═════ Material shown

(* The succedent is replaced by G if it contains G and by \<bottom> otherwise; fixing one formula
   is what lets \<or>-L and the eigenvariable conditions be replayed. *)
lemma restricted_provable_non_invertible:
  assumes "restricted_provable s" "set_mset (snd s) \<subseteq> {G, Bot}" "\<not> right_invertible G"
  shows "I_provable (fst s, {#if G \<in># snd s then G else Bot#})"
  using assms(1,2)
proof (induction rule: deriv.induct)
  case (Axiom s)
  then show ?case
    using I_provable_axiom[of "fst s" "snd s" G] by simp
next
  case (BotR \<Gamma> D \<Delta>)
  then show ?case
    using I_provable_BotR[of \<Gamma> G] by (auto split: if_splits)
next
  case (ExL B \<Gamma> \<Delta> c)
  moreover have "c \<notin> consts_seq (add_mset (Ex B) \<Gamma>, {#if G \<in># \<Delta> then G else Bot#})"
    using ExL.hyps(3) by (auto simp: consts_seq_def)
  ultimately show ?case
    by (auto intro: deriv.ExL)
qed (use assms(3) in \<open>auto intro: deriv.intros\<close>)

primrec connectives :: "fm \<Rightarrow> nat" where
  "connectives (Atom p ts) = 0"
| "connectives Top = 0"
| "connectives Bot = 0"
| "connectives (And A B) = Suc (connectives A + connectives B)"
| "connectives (Or A B) = Suc (connectives A + connectives B)"
| "connectives (Imp A B) = Suc (connectives A + connectives B)"
| "connectives (All A) = Suc (connectives A)"
| "connectives (Ex A) = Suc (connectives A)"

lemma connectives_subst [simp]: "connectives (subst A s k) = connectives A"
  by (induct A arbitrary: s k) auto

══════════

Your answer must be the line containing "(Ex A) = Suc" through the last line above, copied exactly, with nothing added.

| "connectives (Ex A) = Suc (connectives A)"

lemma connectives_subst [simp]: "connectives (subst A s k) = connectives A"
  by (induct A arbitrary: s k) auto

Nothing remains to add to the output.